1997 aircraft accident in Florida

Fine Air Flight 101 was a scheduled cargo flight from Miami International Airport to Las Américas International Airport, operated by Douglas DC-8 N27UA, that crashed almost immediately after take-off on August 7, 1997, when it failed to gain altitude. All four people on board and one person on the ground died in the mid-day Thursday crash.

==Aircraft==
The aircraft involved in the accident was a 29-year-old McDonnell Douglas DC-8-61, manufacturer serial number 45942, line number 349, registration N27UA, operated by Fine Air, with 48,825 total airframe hours and 41,688 cycles.

== Crew and passenger ==
There were three crew members and a security guard on board. The captain, 42-year-old Dale Patrick "Pat" Thompson, had been with Fine Air since 1993. He had a total of 12,154 hours of flying time, including 2,522 hours as a DC-8 captain at Fine Air. The first officer, Steven Petrosky, aged 26, hired on August 15, 1994, had a total of 2,641 hours of flying time, of which 1,592 hours were with Fine Air in DC-8s and logged 614 hours as first officer and 978 hours as a flight engineer, all in the DC-8. The flight engineer, Glen Millington, aged 35, had joined Fine Air in 1996. He had logged a total of 1,570 flight hours, including 683 hours as a DC-8 flight engineer at Fine Air. The security guard on board was 32-year-old Enrique Soto.

== Accident ==

The aircraft, bound for Santo Domingo, lost control shortly after takeoff from runway 27R (now 26R). The nose quickly pitched up into a stall, briefly recovered, but then entered another stall, impacting the ground and sliding at 12:36 pm EDT.

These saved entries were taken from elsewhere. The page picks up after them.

section \<open>The averaging conditions\<close>

lemma averaging_slack:
  fixes D :: "'a \<Rightarrow> real"
  assumes "finite V" and "i \<in> V"
  shows "(\<Sum>j\<in>V - {i}. D j) - (real (card V) - 2) * D i
    = (c - (\<Sum>j\<in>V. c - D j)) + (real (card V) - 1) * (c - D i)"
  using assms by (simp add: sum_diff1 sum_subtractf algebra_simps)

lemma averaging_conditions_iff_gap_bounds:
  fixes D :: "'a \<Rightarrow> real"
  assumes fin: "finite V" and V: "card V \<ge> 2"
  defines "M \<equiv> Max (D ` V)"
    and "K \<equiv> {i \<in> V. D i = Max (D ` V)}" and "s \<equiv> \<Sum>i\<in>V. Max (D ` V) - D i"
  shows "((\<forall>i\<in>V. (real (card V) - 2) * D i \<le> (\<Sum>j\<in>V - {i}. D j))
      \<and> card {i\<in>V. (real (card V) - 2) * D i = (\<Sum>j\<in>V - {i}. D j)} \<le> 1
      \<and> ((\<exists>i\<in>V. (real (card V) - 2) * D i = (\<Sum>j\<in>V - {i}. D j)) \<or> card K \<ge> 2)
      \<and> card K \<le> card V - 2)
    \<longleftrightarrow> s \<le> M \<and> (s = M \<longleftrightarrow> card K = 1) \<and> card K \<le> card V - 2"
proof -
  let ?n = "real (card V)"
  let ?tight = "{i\<in>V. (?n - 2) * D i = (\<Sum>j\<in>V - {i}. D j)}"
  have slack: "(\<Sum>j\<in>V - {i}. D j) - (?n - 2) * D i = (M - s) + (?n - 1) * (M - D i)"
    if "i \<in> V" for i
    unfolding s_def M_def using averaging_slack[OF fin that] .
  have n: "?n - 1 > 0" using V by simp
  have "V \<noteq> {}" using V by auto
  then have "M \<in> D ` V" unfolding M_def using fin by simp
  then obtain k where k: "k \<in> K"
    unfolding K_def M_def by (metis (mono_tags, lifting) imageE mem_Collect_eq)
  have gap: "M - D i \<ge> 0" and gap_K: "M - D i = 0 \<longleftrightarrow> i \<in> K" if "i \<in> V" for i
    using fin that unfolding K_def M_def by auto
  have all_iff: "(\<forall>i\<in>V. (?n - 2) * D i \<le> (\<Sum>j\<in>V - {i}. D j)) \<longleftrightarrow> s \<le> M"
  proof
    assume "\<forall>i\<in>V. (?n - 2) * D i \<le> (\<Sum>j\<in>V - {i}. D j)"
    then show "s \<le> M" using slack[of k] gap_K[of k] k unfolding K_def by auto
  qed (use slack gap n in \<open>smt (verit) mult_nonneg_nonneg\<close>)
  have tight: "?tight = (if s = M then K else {})" if "s \<le> M"
  proof -
    have "(?n - 2) * D i = (\<Sum>j\<in>V - {i}. D j) \<longleftrightarrow> M - s = 0 \<and> M - D i = 0" if "i \<in> V" for i
      using slack[OF that] gap[OF that] \<open>s \<le> M\<close> n
      by (smt (verit) mult_eq_0_iff mult_nonneg_nonneg)
    then show ?thesis using gap_K unfolding K_def by auto
  qed
  have ex_tight: "(\<exists>i\<in>V. (?n - 2) * D i = (\<Sum>j\<in>V - {i}. D j)) \<longleftrightarrow> ?tight \<noteq> {}"
    by blast
  have "card K \<noteq> 0" using k fin unfolding K_def by auto
  show ?thesis
  proof (cases "s \<le> M")
    case True
    then show ?thesis
      unfolding all_iff ex_tight tight[OF True] using k \<open>card K \<noteq> 0\<close> by auto
  qed (use all_iff in simp)
qed
(* Let $A$ be a brick gentle algebra. For any $\widetilde{\mathfrak T}\in\mathrm{torshad}(\Pi(A))$, the set of strings $B(\widetilde{\mathfrak T})$ is a biclosed set.
   Context: Setting: $k$ a field, $A=kQ/I$, $Q$ finite connected quiver, $I$ admissible generated by paths (paths composed right to left). Gentle: (S1) each vertex has at most two incoming and two outgoing arrows; (S2) for each arrow $\alpha$ at most one $\beta$ with $\alpha\beta$ a path not in $I$ and at most one $\gamma$ with $\gamma\alpha$ a path not in $I$; (G1) $I$ generated by paths of length two; (G2) for each arrow $\alpha$ at most one $\beta$ with $\alpha\beta$ a path in $I$ and at most one $\gamma$ with $\gamma\alpha$ a path in $I$. Brick gentle: moreover every indecomposable module has endomorphism ring a division ring. Strings (for any $k\Gamma/J$, $J$ generated by paths): words $w=\gamma_d^{\epsilon_d}\cdots\gamma_1^{\epsilon_1}$ in arrows and formal inverses ($s(\gamma^{-1})=t(\gamma)$, $t(\gamma^{-1})=s(\gamma)$), consecutive letters composable, no $\gamma\gamma^{-1}$ or $\gamma^{-1}\gamma$, neither $w$ nor $w^{-1}$ containing a subword which is a path in $J$; plus length-zero strings; $w\sim w^{-1}$. String module $M(w)$: basis $b_1,\dots,b_{d+1}$, $b_j$ at vertex $x_j$ ($x_1=s(\gamma_1^{\epsilon_1})$, $x_{i+1}=t(\gamma_i^{\epsilon_i})$); $\gamma_i$ sends $b_i\mapsto b_{i+1}$ if $\epsilon_i=1$, $b_{i+1}\mapsto b_i$ if $\epsilon_i=-1$, other actions zero. A concatenation of $u,v\in\mathrm{Str}(A)$ is a string $v\gamma^{\pm1}u$, $\gamma\in Q_1$; $X\subseteq\mathrm{Str}(A)$ is closed if it contains all concatenations of its elements, biclosed if $X$ and its complement are closed. For $w$ of length $d$, $w=w_1\gamma_j^{\epsilon_j}w_2$ ($1\le j\le d$) gives a break $\{w_1,w_2\}$ with splits $w_1,w_2$. Labels $\mathcal S$: pairs $w_{\mathcal D}=(w,\mathcal D)$, $\mathcal D$ a set of $d$ splits of $w$ no two in the same break, modulo $(w,\mathcal D)\sim(w^{-1},\mathcal D^{-1})$. $\Pi(A)=k\overline Q/\overline I$: $\overline Q$ adds $\gamma^*:t(\gamma)\to s(\gamma)$ for each $\gamma\in Q_1$; $\overline I$ generated by $\beta\alpha,\alpha^*\beta^*$ for paths $\beta\alpha\in I$ of length two. A string of $\Pi(A)$ specializes to the word obtained by replacing $\gamma^*$ by $\gamma^{-1}$ and $(\gamma^* )^{-1}$ by $\gamma$. $\mathcal M$ is the additive closure of all $M(\widetilde w)$ with $\widetilde w$ a string of $\Pi(A)$ specializing to a string of $A$. The map $\mathrm{str}$: for $w_{\mathcal D}$, $w=\gamma_d^{\epsilon_d}\cdots\gamma_1^{\epsilon_1}$, replace the $i$-th letter by $\gamma_i$ if $w=u\gamma_iw'$ with $w'\in\mathcal D$; $\gamma_i^*$ if $w=u\gamma_i^{-1}w'$ with $w'\in\mathcal D$; $\gamma_i^{-1}$ if $w=w'\gamma_i^{-1}u$ with $w'\in\mathcal D$; $(\gamma_i^* )^{-1}$ if $w=w'\gamma_iu$ with $w'\in\mathcal D$ ($u$ possibly empty); $\mathrm{str}$ is a bijection from $\mathcal S$ onto the strings of $\Pi(A)$ specializing to strings of $A$. $\mathrm{torshad}(\Pi(A))$ is the set of all $\mathcal T\cap\mathcal M$ with $\mathcal T$ a torsion class (closed under quotients and extensions) of $\mathrm{mod}(\Pi(A))$. For $\widetilde{\mathfrak T}\in\mathrm{torshad}(\Pi(A))$, $B(\widetilde{\mathfrak T}):=\{w\in\mathrm{Str}(A)\mid M(\mathrm{str}(w_{\mathcal D}))\in\widetilde{\mathfrak T}\text{ for some }\mathcal D\}$. *)

theory Defs
  imports Main
begin

text \<open>A pair (b, a) in qrels stands for the length-two path b a
  (paths composed right to left: a first, then b).  The ideal is the one
  generated by these paths.\<close>

record ('v, 'a) bq =
  verts :: "'v set"
  arrs  :: "'a set"
  qsrc  :: "'a \<Rightarrow> 'v"
  qtgt  :: "'a \<Rightarrow> 'v"
  qrels :: "('a \<times> 'a) set"

text \<open>Paths as lists of arrows in order of application.\<close>
definition is_path :: "('v,'a) bq \<Rightarrow> 'a list \<Rightarrow> bool" where
  "is_path Q p \<longleftrightarrow> (\<forall>a\<in>set p. a \<in> arrs Q) \<and>
     (\<forall>i. Suc i < length p \<longrightarrow> qtgt Q (p ! i) = qsrc Q (p ! Suc i))"
(*
  On each half J the moment matrix M_J is the Gram matrix of L^2(mu restricted to J) on the
  linear polynomials p_v(x) = v1 + v2 x.  For f = 1_Il p_a + 1_Ir p_b the two orthogonality
  conditions say M_Il a + M_Ir b = 0, while f = 0 mu-a.e. iff M_Il a = 0 and M_Ir b = 0.
  Hence L^2_{I;2}(mu) modulo null functions is the intersection of the ranges of M_Il and M_Ir.
  A singular M_J on a half of positive mass forces mu restricted to J to be a point mass at
  some c in J, so the range of M_J is the line through (1, c).  In case (1) the intersection
  is that line.  In case (2) either one matrix vanishes (a null half), or both halves carry
  atoms c in Il and d in Ir with c <> d, and the intersection is {0}.
*)

lemma det_nonzero_iff_trivial_kernel:
  fixes A :: "'a::field^'n^'n"
  shows "det A \<noteq> 0 \<longleftrightarrow> (\<forall>v. A *v v = 0 \<longrightarrow> v = 0)"
  by (simp add: invertible_det_nz[symmetric] invertible_left_inverse matrix_left_invertible_ker)

lemma det_nonzero_imp_surj:
  fixes A :: "'a::field^'n^'n"
  assumes "det A \<noteq> 0"
  obtains x where "A *v x = y"
  using assms matrix_right_invertible_surjective[of A]
  by (metis invertible_det_nz invertible_right_inverse surjD)

definition lin_poly :: "real^2 \<Rightarrow> real \<Rightarrow> real" where
  "lin_poly v x = v$1 + v$2 * x"

locale finite_second_moments =
  fixes M :: "real measure" and J :: "real set"
  assumes J_sets [measurable]: "J \<in> sets M"
    and set_integrable_power: "\<And>k. k \<le> 2 \<Longrightarrow> set_integrable M J (\<lambda>x. x ^ k)"
begin

lemma emeasure_finite: "emeasure M J \<noteq> \<infinity>"
  using set_integrable_power[of 0] J_sets
  by (simp add: set_integrable_def integrable_indicator_iff sets.Int_space_eq2)

lemma AE_not_in_iff_null: "(AE x in M. x \<notin> J) \<longleftrightarrow> emeasure M J = 0"
  using AE_iff_null_sets[OF J_sets] by (simp add: null_sets_def)

lemma set_integrable_monomials [simp]:
  "set_integrable M J (\<lambda>x. c :: real)" "set_integrable M J (\<lambda>x. x)" "set_integrable M J (\<lambda>x. x\<^sup>2)"
  using set_integrable_mult_right[OF set_integrable_power[of 0], of c] set_integrable_power[of 1]
    set_integrable_power[of 2]
  by simp_all

lemma set_integral_quadratic:
  "(LINT x:J|M. a + b * x + c * x\<^sup>2) =
     a * (LINT x:J|M. 1) + b * (LINT x:J|M. x) + c * (LINT x:J|M. x\<^sup>2)"
  using set_integral_mult_right[where a = a and f = "\<lambda>_. 1" and A = J and M = M] by simp

lemma lin_poly_mult_eq_quadratic:
  "lin_poly w x * lin_poly v x = w$1 * v$1 + (w$1 * v$2 + w$2 * v$1) * x + w$2 * v$2 * x\<^sup>2"
  by (simp add: lin_poly_def power2_eq_square algebra_simps)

Exiting the west end of the airport property, the DC-8 missed the auto transport loading facility at the south end of the Miami City Rail Yard just north of the end of the runway, and also busy cargo operations facilities along the very busy NW 25th Street feeder to the airport's cargo area just to the south of the end of the runway. The aircraft barely missed two factories, a commercial building, and the Budweiser Distribution Center in unincorporated Dade County (Note: In November 1997, three months after the crash, the county was renamed as its current 'Miami-Dade County'.), Florida, between the populated residential suburbs of Miami Springs and Doral. It skidded across an open field and onto NW 72nd Ave, a roadway that is typically full of traffic during the weekday lunch hour and was full at the time of the accident, though the portion Flight 101 struck had red lights at both intersections. The plane's wreckage skidded quickly across the roadway and onto the parking lot of a commercial mini-mall across the street from the empty field; it hit 26 cars in the lot, and a major fire followed. At that time, the mini-mall was a hub of computer parts distributors specializing in South American commerce.

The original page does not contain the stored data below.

lemma length_edge_list: "length (edge_list n) = n * (n - 1) div 2"
proof -
  have "length (edge_list n) = (\<Sum>i\<leftarrow>[1..<n+1]. n - i)"
    by (simp add: edge_list_def length_concat comp_def del: upt_Suc)
  also have "\<dots> = (\<Sum>i\<in>{Suc 0..n}. n - i)"
    by (simp add: sum_set_upt_conv_sum_list_nat[symmetric] atLeastLessThanSuc_atLeastAtMost
        del: upt_Suc)
  also have "\<dots> = (\<Sum>i\<in>{0..<n}. i)"
    using sum.atLeastLessThan_rev_at_least_Suc_atMost[of "\<lambda>i. i" 0 n] by simp
  also have "\<dots> = n * (n - 1) div 2" by (simp add: Sum_Ico_nat)
  finally show ?thesis .
qed

lemma nth_edge_list_edge_index:
  assumes "u \<in> {1..n}" "v \<in> {1..n}" "u \<noteq> v"
  shows "edge_index n u v < n * (n - 1) div 2 \<and> edge_list n ! edge_index n u v = (min u v, max u v)"
proof -
  have "(\<Sum>t<min u v - 1. n - Suc t) = (\<Sum>t\<in>{1..<min u v}. n - t)"
    using assms sum.shift_bounds_Suc_ivl[of "\<lambda>t. n - t" 0 "min u v - 1"]
    by (simp add: atLeast0LessThan)
  then have "edge_index n u v = (\<Sum>t\<in>{1..<min u v}. n - t) + (max u v - min u v - 1)"
    by (simp add: edge_index_def)
  moreover have "edge_list n = edges_from n 1" by (simp add: edge_list_def edges_from_def)
  ultimately show ?thesis
    using nth_edges_from[of 1 "min u v" "max u v" n] assms length_edge_list[of n]
    by (auto simp: min_def max_def)
qed

lemma edge_index_inj:
  assumes "u \<in> {1..n}" "v \<in> {1..n}" "u \<noteq> v" "u' \<in> {1..n}" "v' \<in> {1..n}" "u' \<noteq> v'"
    and "edge_index n u v = edge_index n u' v'"
  shows "{u, v} = {u', v'}"
proof -
  have "(min u v, max u v) = edge_list n ! edge_index n u v"
    using nth_edge_list_edge_index[of u n v] assms(1-3) by simp
  also have "\<dots> = (min u' v', max u' v')"
    using nth_edge_list_edge_index[of u' n v'] assms(4-7) by simp
  finally have "{min u v, max u v} = {min u' v', max u' v'}" by simp
  moreover have "{u, v} = {min u v, max u v}" "{u', v'} = {min u' v', max u' v'}"
    by (auto simp: min_def max_def)
  ultimately show ?thesis by simp
qed

lemma length_E: "length (E n G) = n * (n - 1) div 2"
  by (simp add: E_def length_edge_list)

lemma nth_E_edge_index:
  assumes "u \<in> {1..n}" "v \<in> {1..n}" "u \<noteq> v"
  shows "E n G ! edge_index n u v \<longleftrightarrow> {u, v} \<in> G"
proof -
  have "{min u v, max u v} = {u, v}" by (auto simp: min_def max_def)
  with nth_edge_list_edge_index[OF assms] show ?thesis by (simp add: E_def length_edge_list)
qed

lemma inj_on_edge_index:
  assumes "a \<in> {1..n}" "W \<subseteq> {1..n} - {a}"
  shows "inj_on (edge_index n a) W"
proof (rule inj_onI)
  fix x y assume "x \<in> W" "y \<in> W" and eq: "edge_index n a x = edge_index n a y"
  with assms have "x \<in> {1..n}" "y \<in> {1..n}" "a \<noteq> x" "a \<noteq> y" by auto
  with edge_index_inj[OF assms(1) _ _ assms(1) _ _ eq] have "{a, x} = {a, y}" by blast
  with \<open>a \<noteq> x\<close> show "x = y" by (auto simp: doubleton_eq_iff)
qed

lemma edge_index_images_disjoint:
  assumes "u \<in> {1..n}" "v \<in> {1..n}" "u \<noteq> v" "W \<subseteq> {1..n} - {u, v}"
  shows "edge_index n u ` W \<inter> edge_index n v ` W = {}"
proof (rule ccontr)
  assume "edge_index n u ` W \<inter> edge_index n v ` W \<noteq> {}"
  then obtain x y where "x \<in> W" "y \<in> W" and eq: "edge_index n u x = edge_index n v y" by blast
  with assms have "x \<in> {1..n}" "y \<in> {1..n}" "u \<noteq> x" "v \<noteq> y" "u \<noteq> y" by auto
  with edge_index_inj[OF assms(1) _ _ assms(2) _ _ eq] have "{u, x} = {v, y}" by blast
  with \<open>u \<noteq> v\<close> \<open>u \<noteq> y\<close> show False by (auto simp: doubleton_eq_iff)
qed

definition graph_code :: "nat \<Rightarrow> nat set set \<Rightarrow> nat" where
  "graph_code n G = horner_sum of_bool 2 (E n G)"

lemma graph_code_less: "graph_code n G < 2 ^ (n * (n - 1) div 2)"
  using horner_sum_bound[of "E n G"] by (simp add: graph_code_def length_E)

lemma graph_code_complete:
  assumes "\<And>i j. 1 \<le> i \<Longrightarrow> i < j \<Longrightarrow> j \<le> n \<Longrightarrow> {i, j} \<in> G"
  shows "graph_code n G = 2 ^ (n * (n - 1) div 2) - 1"
proof -
  have "\<forall>k<length (E n G). E n G ! k"
  proof (intro allI impI)
    fix k assume "k < length (E n G)"
    then have "edge_list n ! k \<in> set (edge_list n)" by (simp add: E_def)
    then obtain i j where "edge_list n ! k = (i, j)" "1 \<le> i" "i < j" "j \<le> n"
      by (auto simp: edge_list_def)
    with \<open>k < length (E n G)\<close> assms show "E n G ! k" by (simp add: E_def)
  qed
  then show ?thesis by (simp add: graph_code_def horner_sum_all_True length_E)
qed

The plane's wreckage fell 4 ft short of the entrances to three shops, missing two occupied cars and a truck that was waiting for the traffic signal at the intersection of NW 31st Street and NW 72nd Avenue, less than 90 ft away. Inside one of the cars in the parking lot sat 34-year-old Renato Alvarez, who had just arrived back at his shop in the mini-mall after picking up lunch for his wife and himself. He was unable to escape the vehicle and was caught up in the fireball that engulfed the multi-lane avenue, field, and parking lot.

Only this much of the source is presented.